Pakistan has opened two new overland trade corridors through Iran and China, offering Central Asian countries alternative routes to Pakistani ports after Islamabad shut its main transit crossings with Afghanistan in response to persistent cross-border militancy. The corridors became operational in April 2026 and run through Iran's Gabd-Rimdan border crossing and China's Sost Dry Port. They were introduced after Pakistan indefinitely closed the Torkham and Chaman crossings less than a year ago, in October 2025, following what officials described as ongoing security threats from Afghan territory.
More than 14,000 metric tons of cargo have already moved through the two routes. One corridor was formally inaugurated during a coordination ceremony in Karachi attended by senior representatives from Uzbekistan, Kyrgyzstan and Tajikistan.

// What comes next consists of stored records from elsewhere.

lemma row_cesaro_bound_imp_cesaro_matrix:
  assumes row: "row_cesaro_bound C a h" and C: "C \<ge> 0"
  obtains g where "cesaro_matrix a h g" "\<And>i. \<bar>g i\<bar> \<le> C" "\<And>i. (\<forall>j\<le>i. h j = 0) \<Longrightarrow> g i = 0"
proof
  define j0 where "j0 = (LEAST j. h j \<noteq> 0)"
  define g where "g i = (if \<exists>j\<le>i. h j \<noteq> 0 then a i j0 * real (i + 1) / h j0 else 0)" for i
  have j0: "j0 \<le> i" "h j0 \<noteq> 0" if "\<exists>j\<le>i. h j \<noteq> 0" for i
    using that LeastI[of "\<lambda>j. h j \<noteq> 0"] Least_le[of "\<lambda>j. h j \<noteq> 0"] unfolding j0_def
    by (auto intro: order_trans)
  note entry = row_cesaro_bound_entry[OF row C]
  show "cesaro_matrix a h g"
    unfolding cesaro_matrix_def
  proof (intro allI)
    fix i j
    show "a i j = (if j \<le> i then g i * h j / real (i + 1) else 0)"
    proof (cases "j \<le> i \<and> h j \<noteq> 0")
      case True
      then have ex: "\<exists>j\<le>i. h j \<noteq> 0" by blast
      have "a i j * h j0 = a i j0 * h j"
        using row_cesaro_bound_entries_proportional[OF row] True j0[OF ex] by blast
      then have "a i j = a i j0 * h j / h j0"
        using j0[OF ex] by (simp add: eq_divide_eq)
      then show ?thesis
        using True j0[OF ex] ex by (simp add: g_def)
    qed (use entry[of i j] in \<open>auto split: if_splits\<close>)
  qed
  show "\<bar>g i\<bar> \<le> C" for i
  proof (cases "\<exists>j\<le>i. h j \<noteq> 0")
    case True
    then have "\<bar>a i j0\<bar> \<le> C * (1 / real (i + 1)) * \<bar>h j0\<bar>" "h j0 \<noteq> 0"
      using entry[of i j0] j0 by auto
    then show ?thesis
      using True by (simp add: g_def abs_mult divide_simps mult.commute)
  qed (use C in \<open>auto simp: g_def\<close>)
  show "g i = 0" if "\<forall>j\<le>i. h j = 0" for i
  proof -
    from that have "\<not> (\<exists>j\<le>i. h j \<noteq> 0)" by blast
    then show ?thesis by (simp only: g_def if_False)
  qed
qed

text \<open>Testing with matrices supported on the column j0 turns the dual bound into the hypothesis of
  the converse Holder inequality for the truncations of g, uniformly in their length.\<close>
lemma dual_cesaro_bound_imp_summable:
  assumes s: "s > 1" and dual: "dual_cesaro_bound C (s / (s - 1)) a h" and mat: "cesaro_matrix a h g"
    and g_zero: "\<And>i. (\<forall>j\<le>i. h j = 0) \<Longrightarrow> g i = 0"
  shows "summable (\<lambda>i. \<bar>g i\<bar> powr s)"
proof (cases "\<forall>j. h j = 0")
  case True
  then show ?thesis using g_zero by simp
next
  case False
  define t where "t = s / (s - 1)"
  define j0 where "j0 = (LEAST j. h j \<noteq> 0)"
  have h_j0: "h j0 \<noteq> 0"
    using False LeastI_ex[of "\<lambda>j. h j \<noteq> 0"] by (simp add: j0_def)
  have h_below: "h j = 0" if "j < j0" for j
    using not_less_Least[OF that[unfolded j0_def]] by simp
  define c where "c i = (if j0 \<le> i then h j0 / real (i + 1) else 0)" for i
  have g_c: "g i = 0" if "c i = 0" for i
    using that h_j0 h_below by (intro g_zero) (auto simp: c_def split: if_splits)
  have col: "a i j0 = g i * c i" for i
    using mat by (simp add: cesaro_matrix_def c_def)
  have "(\<Sum>i<n. \<bar>g i\<bar> powr s) \<le> C powr s" for n
  proof (rule converse_Holder_inequality_sum[OF finite_lessThan s t_def g_c])
    fix \<epsilon> :: "nat \<Rightarrow> real" assume \<epsilon>: "\<forall>i. \<bar>\<epsilon> i\<bar> \<le> 1"
    define R where "R i j = (if j = j0 then \<epsilon> i else 0)" for i j
    have "\<forall>i j. \<bar>R i j\<bar> \<le> 1" using \<epsilon> by (simp add: R_def)
    then have "(\<Sum>i<n. \<Sum>j<Suc j0. R i j * a i j)
        \<le> C * (\<Sum>i<n. (1 / real (i + 1) powr t) * \<bar>\<Sum>j<min (i + 1) (Suc j0). h j * R i j\<bar> powr t) powr (1 / t)"
      by (rule dual[unfolded dual_cesaro_bound_def t_def[symmetric], rule_format (no_asm)])
    moreover have "(\<Sum>j<Suc j0. R i j * a i j) = \<epsilon> i * (g i * c i)" for i
      by (simp add: R_def col if_distrib cong: if_cong)
    moreover have "(1 / real (i + 1) powr t) * \<bar>\<Sum>j<min (i + 1) (Suc j0). h j * R i j\<bar> powr t
        = \<bar>c i * \<epsilon> i\<bar> powr t" for i
      by (simp add: R_def c_def if_distrib abs_mult powr_divide powr_mult cong: if_cong)
    ultimately show "(\<Sum>i<n. \<epsilon> i * (g i * c i)) \<le> C * (\<Sum>i<n. \<bar>c i * \<epsilon> i\<bar> powr t) powr (1/t)"
      by simp
  qed
  then show ?thesis
    by (intro summableI_nonneg_bounded[where x="C powr s"]) auto
qed

lemma cesaro_matrix_lp_iff_dual_cesaro_bound:
  assumes s: "s > 1"
  shows "(\<exists>g. in_lp (ereal s) g \<and> cesaro_matrix a h g) \<longleftrightarrow> (\<exists>C>0. dual_cesaro_bound C (s / (s - 1)) a h)"
proof
  assume "\<exists>g. in_lp (ereal s) g \<and> cesaro_matrix a h g"
  then obtain g where "summable (\<lambda>i. \<bar>g i\<bar> powr s)" "cesaro_matrix a h g"
    by (auto simp: in_lp_ereal_iff)
  then have "dual_cesaro_bound (lp_norm s g + 1) (s / (s - 1)) a h"
    using cesaro_matrix_dual_cesaro_bound[OF s] dual_cesaro_bound_mono by fastforce
  moreover have "lp_norm s g + 1 > 0"
    by (simp add: lp_norm_def add_nonneg_pos)
  ultimately show "\<exists>C>0. dual_cesaro_bound C (s / (s - 1)) a h" by blast
next
  assume "\<exists>C>0. dual_cesaro_bound C (s / (s - 1)) a h"
  then obtain C where "C > 0" and dual: "dual_cesaro_bound C (s / (s - 1)) a h" by blast
  moreover have "s / (s - 1) > 0" using s by simp
  ultimately obtain g where "cesaro_matrix a h g" "\<And>i. (\<forall>j\<le>i. h j = 0) \<Longrightarrow> g i = 0"
    by (metis dual_cesaro_bound_imp_row_cesaro_bound row_cesaro_bound_imp_cesaro_matrix less_imp_le)
  with dual_cesaro_bound_imp_summable[OF s dual] show "\<exists>g. in_lp (ereal s) g \<and> cesaro_matrix a h g"
    by (auto simp: in_lp_ereal_iff)
qed

lemma cesaro_matrix_bounded_iff_row_cesaro_bound:
  "(\<exists>g. in_lp \<infinity> g \<and> cesaro_matrix a h g) \<longleftrightarrow> (\<exists>C>0. row_cesaro_bound C a h)"
proof
  assume "\<exists>g. in_lp \<infinity> g \<and> cesaro_matrix a h g"
  then obtain g K where mat: "cesaro_matrix a h g" and K: "\<And>i. \<bar>g i\<bar> \<le> K"
    by (auto simp: in_lp_infinity_iff bdd_above_def)
  have "\<bar>g i\<bar> \<le> \<bar>K\<bar> + 1" for i
    using K[of i] abs_ge_self[of K] by linarith
  then have "row_cesaro_bound (\<bar>K\<bar> + 1) a h"
    by (rule cesaro_matrix_row_cesaro_bound[OF mat])
  then show "\<exists>C>0. row_cesaro_bound C a h"
    by (intro exI[of _ "\<bar>K\<bar> + 1"]) auto
next
  assume "\<exists>C>0. row_cesaro_bound C a h"
  then obtain C g where mat: "cesaro_matrix a h g" and bound: "\<And>i. \<bar>g i\<bar> \<le> C"
    by (metis row_cesaro_bound_imp_cesaro_matrix less_imp_le)
  then show "\<exists>g. in_lp \<infinity> g \<and> cesaro_matrix a h g"
    unfolding in_lp_infinity_iff by (intro exI[of _ g] conjI bdd_aboveI2 mat) auto
qed

theorem proposition5p3:
  fixes p q r :: real
    and T :: "(nat \<Rightarrow> real) \<Rightarrow> (nat \<Rightarrow> real)"
    and h :: "nat \<Rightarrow> real"
    and a :: "nat \<Rightarrow> nat \<Rightarrow> real"
    and s :: ereal and s' :: real
  assumes "1 \<le> p" and "1 < q" and "1 < r"
    and "bounded_lin_op p q T"
    and "\<exists>x. in_lp (ereal p) x \<and> T x \<noteq> (\<lambda>_. 0)"
    and a_def: "\<And>i j. a i j = T (unit_vec j) i"
    and "in_lp (s_exp p r) h"
    and s_def: "s = s_exp r q" and s'_def: "s' = conj_exp s"
  shows "((\<exists>g. in_lp s g \<and>
             (\<forall>x. in_lp (ereal p) x \<longrightarrow> T x = (\<lambda>n. g n * cesaro (\<lambda>k. h k * x k) n)))
          \<longleftrightarrow>
          (\<exists>g. in_lp s g \<and>
             (\<forall>i j. a i j = (if j \<le> i then g i * h j / real (i + 1) else 0))))
       \<and>
         ((\<exists>g. in_lp s g \<and>
             (\<forall>i j. a i j = (if j \<le> i then g i * h j / real (i + 1) else 0)))
          \<longleftrightarrow>
          (\<exists>C>0. \<forall>n m (R :: nat \<Rightarrow> nat \<Rightarrow> real). (\<forall>i j. \<bar>R i j\<bar> \<le> 1) \<longrightarrow>
             (\<Sum>i<n. \<Sum>j<m. R i j * a i j)
               \<le> C * (\<Sum>i<n. (1 / real (i + 1) powr s') *
                        \<bar>\<Sum>j<min (i + 1) m. h j * R i j\<bar> powr s') powr (1 / s')))
       \<and>
         (r \<le> q \<longrightarrow>
          ((\<exists>C>0. \<forall>n m (R :: nat \<Rightarrow> nat \<Rightarrow> real). (\<forall>i j. \<bar>R i j\<bar> \<le> 1) \<longrightarrow>
             (\<Sum>i<n. \<Sum>j<m. R i j * a i j)
               \<le> C * (\<Sum>i<n. (1 / real (i + 1) powr s') *
                        \<bar>\<Sum>j<min (i + 1) m. h j * R i j\<bar> powr s') powr (1 / s'))
           \<longleftrightarrow>
           (\<exists>C>0. \<forall>n m (\<rho> :: nat \<Rightarrow> real). (\<forall>j. \<bar>\<rho> j\<bar> \<le> 1) \<longrightarrow>
             (\<Sum>j<m. \<rho> j * a n j)
               \<le> C * (1 / real (n + 1)) * \<bar>\<Sum>j<min (n + 1) m. h j * \<rho> j\<bar>)))"
proof -
  have operator: "(\<forall>x. in_lp (ereal p) x \<longrightarrow> T x = (\<lambda>n. g n * cesaro (\<lambda>k. h k * x k) n))
      \<longleftrightarrow> cesaro_matrix a h g" for g
    using cesaro_matrix_iff_operator[OF assms(4) _ _ a_def] assms(1,2) by simp
  have dual: "(\<exists>g. in_lp s g \<and> cesaro_matrix a h g) \<longleftrightarrow> (\<exists>C>0. dual_cesaro_bound C s' a h)"
  proof (cases "q < r")
    case True
    have "r < q * r"
      using assms(2,3) mult_strict_right_mono[of 1 q r] by simp
    then have "r - q < r * q"
      using assms(2) by (simp add: mult.commute)
    then have "r * q / (r - q) > 1"
      using True by (simp add: less_divide_eq)
    from cesaro_matrix_lp_iff_dual_cesaro_bound[OF this] show ?thesis
      using True by (simp add: s_def s'_def s_exp_def conj_exp_def)
  next
    case False
    then show ?thesis
      using cesaro_matrix_bounded_iff_row_cesaro_bound dual_cesaro_bound_one_iff
      by (simp add: s_def s'_def s_exp_def conj_exp_def)
  qed
  have "r \<le> q \<Longrightarrow> s' = 1"
    by (simp add: s_def s'_def s_exp_def conj_exp_def)
  then show ?thesis
    using operator dual dual_cesaro_bound_one_iff
    unfolding cesaro_matrix_def dual_cesaro_bound_def row_cesaro_bound_def by auto
qed

end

Pakistan presented the routes as a permanent alternative for Central Asian countries seeking access to global markets without relying on Afghan transit.
The Security Calculation
The decision to close the Torkham and Chaman crossings wasn't arbitrary. It followed what Pakistani officials characterized as persistent cross-border militancy that threatened both commercial traffic and border security. By routing trade through Iran and China instead, Pakistan has effectively isolated Afghanistan from a critical economic corridor while maintaining its own connectivity to Central Asia. The first convoy carried frozen meat and other exports to Tashkent and Bishkek through Iran. Pakistan also dispatched its first export shipment from the Karachi Export Processing Zone to Kyrgyzstan via the Sost Dry Port under the TIR regime.
The 3,300-kilometer Bishkek-Karachi corridor, operating under the Quadrilateral Traffic in Transit Agreement, has since completed its first reciprocal commercial shipments, with Kyrgyz transport fleets delivering minerals and textiles to Pakistan. Separately, the Hemani Group transported a 23.9-tonne consignment to Kyrgyzstan using the Pakistan Single Window electronic customs system.
Gwadar's Expanding Role
The new corridors provide Central Asian countries, including Uzbekistan and Kyrgyzstan, with overland access to the Arabian Sea through Pakistan while bypassing Afghanistan entirely. Uzbekistan has already begun using the Gabd-Rimdan route to transport agricultural equipment and industrial raw materials. Pakistan is also expanding the role of Gwadar Port within Phase 2 of the China-Pakistan Economic Corridor. Located about 400 kilometers east of the Strait of Hormuz, the port is expected to handle increasing cargo volumes moving through the new land corridors as regional trade routes continue to diversify.
The new network also expands the use of the TIR transit regime and the Pakistan Single Window system, which electronically processes customs documentation for cross-border shipments. The infrastructure investment signals Pakistan's bet that Central Asian trade will flow through its territory rather than Afghanistan's for the foreseeable future.
Regional Realignment
The corridor launch represents a significant shift in South and Central Asian connectivity. Afghanistan, which once positioned itself as a natural bridge between Central Asia and the Arabian Sea, now finds itself economically sidelined. The routes through Iran and China aren't temporary workarounds—they're being presented as permanent alternatives backed by formal agreements and substantial infrastructure investment. For Central Asian states, the calculus is straightforward: predictable access to ports trumps shorter routes through unstable territory.
Pakistan's ability to offer this alternative rests on its partnerships with both Iran and China, two countries with their own strategic interests in limiting Afghan influence and expanding regional trade networks that bypass Western-aligned routes. The Gabd-Rimdan crossing through Iran and the Sost Dry Port in China provide the physical infrastructure. The TIR regime and Pakistan Single Window system provide the regulatory framework. Together, they've created a functioning alternative to Afghan transit in less than a year.
Why This Matters:
Pakistan's decision to permanently reroute Central Asian trade away from Afghanistan reflects a hardening security posture driven by cross-border militancy that Islamabad determined it could no longer tolerate. The new corridors through Iran and China aren't just about commerce—they're about demonstrating that countries harboring militants pay economic costs while those maintaining security attract investment and trade. For Central Asian states, the operational success of these routes proves that connectivity to global markets doesn't require transit through Afghanistan, fundamentally altering the region's economic geography. The expansion of Gwadar Port and the formalization of the TIR regime signal that this realignment is permanent, not provisional. Afghanistan's loss is Pakistan's gain, and the message to other regional actors is clear: security guarantees matter more than geographic proximity when countries choose their trade partners.